How? Very easy. As explained this week Gonzalo de Cadenas-Santiago, director of macroeconomic and financial analysis of Mapfre Economics in a meeting with journalists, "the effect is going to be very good in any case" because "even if there is conditionality", and the money comes in exchange for something, he believes that "they are going to be conditions to transform the economy", which in the end will be a positive thing.

"It would force us to take that step that we have always been reluctant to take", that of "changing our way of growth", says Cadenas-Santiago, who is optimistic and believes that the effect of the Fund "will be positive, and will have effects long-term "in the Spanish economy.

Of the 750,000 million euros that the EU plans to distribute, Spain would have, in principle, 140,500 Because the funds will be distributed taking into account the sectors most affected by the crisis caused by the coronavirus pandemic. And the composition of the Spanish economy, with a strong weight in the service sector, which is one of those that have suffered the most from the Covid-19, means that the country will be one of the most benefited along with Italy.

The Mapfre expert believes, however, that thanks to the support of Germany and France, among others, something that is "a letter in our favor", much of the money will be lost, although everything will depend on how the negotiation develops , since the so-called 'frugal' (Holland, Austria, Sweden and Denmark) they are not in favor of it and have strongly opposed it.

Currently it is estimated that of the 140,500 million that would correspond to Spain, some 77,324 million would come through grants and the rest as credits that would have to be returned.

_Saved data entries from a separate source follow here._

lemma exists_cut_edges_half:
  assumes "graph W H"
  shows "\<exists>S. card H \<le> 2 * card (cut_edges H S)"
proof -
  have "finite W" "\<forall>e\<in>H. e \<subseteq> W \<and> card e = 2"
    using assms unfolding graph_def by auto
  then show ?thesis
  proof (induction W arbitrary: H rule: finite_induct)
    case empty
    then have "H = {}"
      by fastforce
    then show ?case
      by simp
  next
    case (insert x W)
    obtain S where S: "card {e\<in>H. x \<notin> e} \<le> 2 * card (cut_edges {e\<in>H. x \<notin> e} S)"
      using insert.IH[of "{e\<in>H. x \<notin> e}"] insert.prems by blast
    have "finite H"
      by (rule finite_subset[of _ "Pow (insert x W)"]) (use insert in auto)
    have "card H = card ({e\<in>H. x \<notin> e} \<union> {e\<in>H. x \<in> e})"
      by (rule arg_cong[where f = card]) auto
    also have "\<dots> = card {e\<in>H. x \<notin> e} + card {e\<in>H. x \<in> e}"
      using \<open>finite H\<close> by (intro card_Un_disjoint) auto
    finally have "card H = card {e\<in>H. x \<notin> e} + card {e\<in>H. x \<in> e}" .
    then have "card H \<le> card (cut_edges H (S - {x})) + card (cut_edges H (insert x S))"
      using S card_cut_edges_move_vertex[OF \<open>finite H\<close>, of S x] insert.prems by simp
    then have "card H \<le> 2 * card (cut_edges H (S - {x})) \<or> card H \<le> 2 * card (cut_edges H (insert x S))"
      by linarith
    then show ?case
      by blast
  qed
qed

lemma ex_permutes_image_eq_2_subset:
  assumes "q \<subseteq> S" "card q = 2" "p \<subseteq> S" "card p = 2"
  shows "\<exists>\<tau>. \<tau> permutes S \<and> \<tau> ` q = p"
proof -
  obtain a b where q: "q = {a, b}" "a \<noteq> b"
    using assms(2) by (meson card_2_iff)
  obtain c d where p: "p = {c, d}" "c \<noteq> d"
    using assms(4) by (meson card_2_iff)
  define \<tau> where "\<tau> = transpose (transpose a c b) d \<circ> transpose a c"
  have "transpose a c b \<in> S"
    using assms q p by (auto simp: transpose_def)
  then have "\<tau> permutes S"
    unfolding \<tau>_def using assms q p by (auto intro!: permutes_compose permutes_swap_id)
  moreover have "\<tau> a = c" "\<tau> b = d"
    unfolding \<tau>_def using q p by (auto simp: transpose_def)
  ultimately show ?thesis
    using q p by auto
qed

lemma card_permutes_image_mem_2_subset_indep:
  assumes "q \<subseteq> S" "card q = 2" "p \<subseteq> S" "card p = 2"
  shows "card {\<sigma>. \<sigma> permutes S \<and> \<sigma> ` p \<in> H} = card {\<sigma>. \<sigma> permutes S \<and> \<sigma> ` q \<in> H}"
proof -
  obtain \<tau> where \<tau>: "\<tau> permutes S" "\<tau> ` q = p"
    using ex_permutes_image_eq_2_subset[OF assms] by blast
  have "inv \<tau> ` p = q"
    using \<tau> by (metis image_inv_f_f permutes_inj)
  have "bij_betw (\<lambda>\<sigma>. \<sigma> \<circ> \<tau>) {\<sigma>. \<sigma> permutes S \<and> \<sigma> ` p \<in> H} {\<sigma>. \<sigma> permutes S \<and> \<sigma> ` q \<in> H}"
  proof (rule bij_betw_byWitness[where f' = "\<lambda>\<rho>. \<rho> \<circ> inv \<tau>"])
    show "\<forall>\<sigma>\<in>{\<sigma>. \<sigma> permutes S \<and> \<sigma> ` p \<in> H}. \<sigma> \<circ> \<tau> \<circ> inv \<tau> = \<sigma>"
      using permutes_inv_o(1)[OF \<tau>(1)] by (simp add: o_assoc[symmetric])
    show "\<forall>\<rho>\<in>{\<sigma>. \<sigma> permutes S \<and> \<sigma> ` q \<in> H}. \<rho> \<circ> inv \<tau> \<circ> \<tau> = \<rho>"
      using permutes_inv_o(2)[OF \<tau>(1)] by (simp add: o_assoc[symmetric])
    show "(\<lambda>\<sigma>. \<sigma> \<circ> \<tau>) ` {\<sigma>. \<sigma> permutes S \<and> \<sigma> ` p \<in> H} \<subseteq> {\<sigma>. \<sigma> permutes S \<and> \<sigma> ` q \<in> H}"
      using \<tau> by (auto simp: permutes_compose image_image)
    show "(\<lambda>\<rho>. \<rho> \<circ> inv \<tau>) ` {\<sigma>. \<sigma> permutes S \<and> \<sigma> ` q \<in> H} \<subseteq> {\<sigma>. \<sigma> permutes S \<and> \<sigma> ` p \<in> H}"
      using \<tau>(1) \<open>inv \<tau> ` p = q\<close> by (auto simp: permutes_compose permutes_inv image_image)
  qed
  then show ?thesis
    by (rule bij_betw_same_card)
qed

lemma card_preimage_subsets_permutes:
  assumes "\<sigma> permutes S" "H \<subseteq> {p. p \<subseteq> S \<and> card p = n}"
  shows "card {p. p \<subseteq> S \<and> card p = n \<and> \<sigma> ` p \<in> H} = card H"
proof -
  have inj: "inj \<sigma>" "inj (inv \<sigma>)"
    using assms(1) permutes_inj permutes_inv by blast+
  have "{p. p \<subseteq> S \<and> card p = n \<and> \<sigma> ` p \<in> H} = (\<lambda>e. inv \<sigma> ` e) ` H"
  proof (intro set_eqI iffI)
    fix p
    assume "p \<in> {p. p \<subseteq> S \<and> card p = n \<and> \<sigma> ` p \<in> H}"
    moreover have "p = inv \<sigma> ` \<sigma> ` p"
      using inj by (simp add: image_inv_f_f)
    ultimately show "p \<in> (\<lambda>e. inv \<sigma> ` e) ` H"
      by blast
  next
    fix p
    assume "p \<in> (\<lambda>e. inv \<sigma> ` e) ` H"
    then obtain e where e: "e \<in> H" "p = inv \<sigma> ` e"
      by auto
    then have "\<sigma> ` p = e"
      using permutes_surj[OF assms(1)] by (simp add: image_f_inv_f)
    moreover have "e \<subseteq> S" "card e = n"
      using e assms(2) by auto
    then have "card p = n" "p \<subseteq> S"
      using e inj(2) permutes_image[OF permutes_inv[OF assms(1)]]
      by (auto simp: card_image inj_on_subset dest: image_mono[of _ _ "inv \<sigma>"])
    ultimately show "p \<in> {p. p \<subseteq> S \<and> card p = n \<and> \<sigma> ` p \<in> H}"
      using e by auto
  qed
  moreover have "inj_on (\<lambda>e. inv \<sigma> ` e) H"
    using inj by (meson inj_image_eq_iff inj_onI)
  ultimately show ?thesis
    by (simp add: card_image)
qed

lemma card_permutes_image_mem:
  assumes "finite S" "H \<subseteq> {p. p \<subseteq> S \<and> card p = 2}" "q \<subseteq> S" "card q = 2"
  shows "card {\<sigma>. \<sigma> permutes S \<and> \<sigma> ` q \<in> H} * (card S choose 2) = fact (card S) * card H"
proof -
  define Pairs where "Pairs = {p. p \<subseteq> S \<and> card p = 2}"
  define P where "P = {\<sigma>. \<sigma> permutes S}"
  have fin: "finite P" "finite Pairs"
    unfolding P_def Pairs_def using assms(1) by (simp_all add: finite_permutations)
  have "card {\<sigma>\<in>P. \<sigma> ` q \<in> H} * (card S choose 2) = (\<Sum>p\<in>Pairs. card {\<sigma>\<in>P. \<sigma> ` p \<in> H})"
    using card_permutes_image_mem_2_subset_indep[OF assms(3,4)] n_subsets[OF assms(1), of 2]
    unfolding P_def Pairs_def by simp
  also have "\<dots> = (\<Sum>\<sigma>\<in>P. card {p\<in>Pairs. \<sigma> ` p \<in> H})"
    using sum_card_filter_swap[OF fin(2,1)] by simp
  also have "\<dots> = (\<Sum>\<sigma>\<in>P. card H)"
    using card_preimage_subsets_permutes[OF _ assms(2)] unfolding P_def Pairs_def by (simp add: conj_assoc)
  also have "\<dots> = fact (card S) * card H"
    using assms(1) unfolding P_def by (simp add: card_permutations)
  finally show ?thesis
    unfolding P_def by simp
qed

lemma card_le_ex_induced_free:
  assumes "finite E" "F \<subseteq> E" "\<not> has_induced_Ksr s r V F"
  shows "card F \<le> ex_induced_free V E s r"
proof -
  have "finite {card F | F. F \<subseteq> E \<and> \<not> has_induced_Ksr s r V F}"
    by (rule finite_subset[of _ "card ` Pow E"]) (use assms(1) in auto)
  then show ?thesis
    unfolding ex_induced_free_def using assms(2,3) by (auto intro: Max_ge)
qed

lemma ex_Ksr_attained:
  assumes "0 < s" "0 < r"
  obtains H where "graph {..<k} H" "\<not> has_Ksr s r {..<k} H" "card H = ex_Ksr k s r"
proof -
  define X where "X = {card F | F. graph {..<k} F \<and> \<not> has_Ksr s r {..<k} F}"
  have "finite X"
    unfolding X_def by (rule finite_subset[of _ "card ` Pow (Pow {..<k})"]) (auto simp: graph_def)
  moreover have "\<not> has_Ksr s r {..<k} {}"
    using assms unfolding has_Ksr_def by fastforce
  then have "0 \<in> X"
    unfolding X_def graph_def by force
  ultimately have "Max X \<in> X"
    using Max_in by blast
  then show ?thesis
    using that unfolding X_def ex_Ksr_def by auto
qed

Fund-loss would only have one condition, as Berenberg recalls: It will flow to member states whenever they need it if they commit to improving public growth and investment and enact structural reforms. "The Netherlands wants to make sure that only those countries that really own their investment and reform agendas receive money," says the German analysis firm.

Spain, however, insists that the majority be at a loss. Although he is aware, as Sánchez said during his tour of Europe to meet, for example, with Mark Rutte (Holland), Angela Merkel (Germany), Emmanuel Macron (France) or Stefan Löfven (Sweden), that "we all have to give in" to reach an agreement in July. An agreement that may not come at this summit, given that there is already talk of the possibility of convening another extraordinary one before the end of the month to allow time for the Twenty-seven to approach positions.


For his part, the European Central Bank (ECB) He met this Thursday and took advantage of this appointment to "urge" the EU to get down to work "to support the recovery." Christine Lagarde He said that in the central bank "we have great hopes" that the Fund "will go ahead and be 750,000 million euros," and that "have a good ratio of loans to grants".

However, the agency's president warned that the EU Fund "must be firmly rooted" in structural reforms. Be that as it may, the ECB urged the Twenty-seven to approve "quickly" an "ambitious" revival plan, although he is aware that "in Brussels things take time and are processes that consume energy".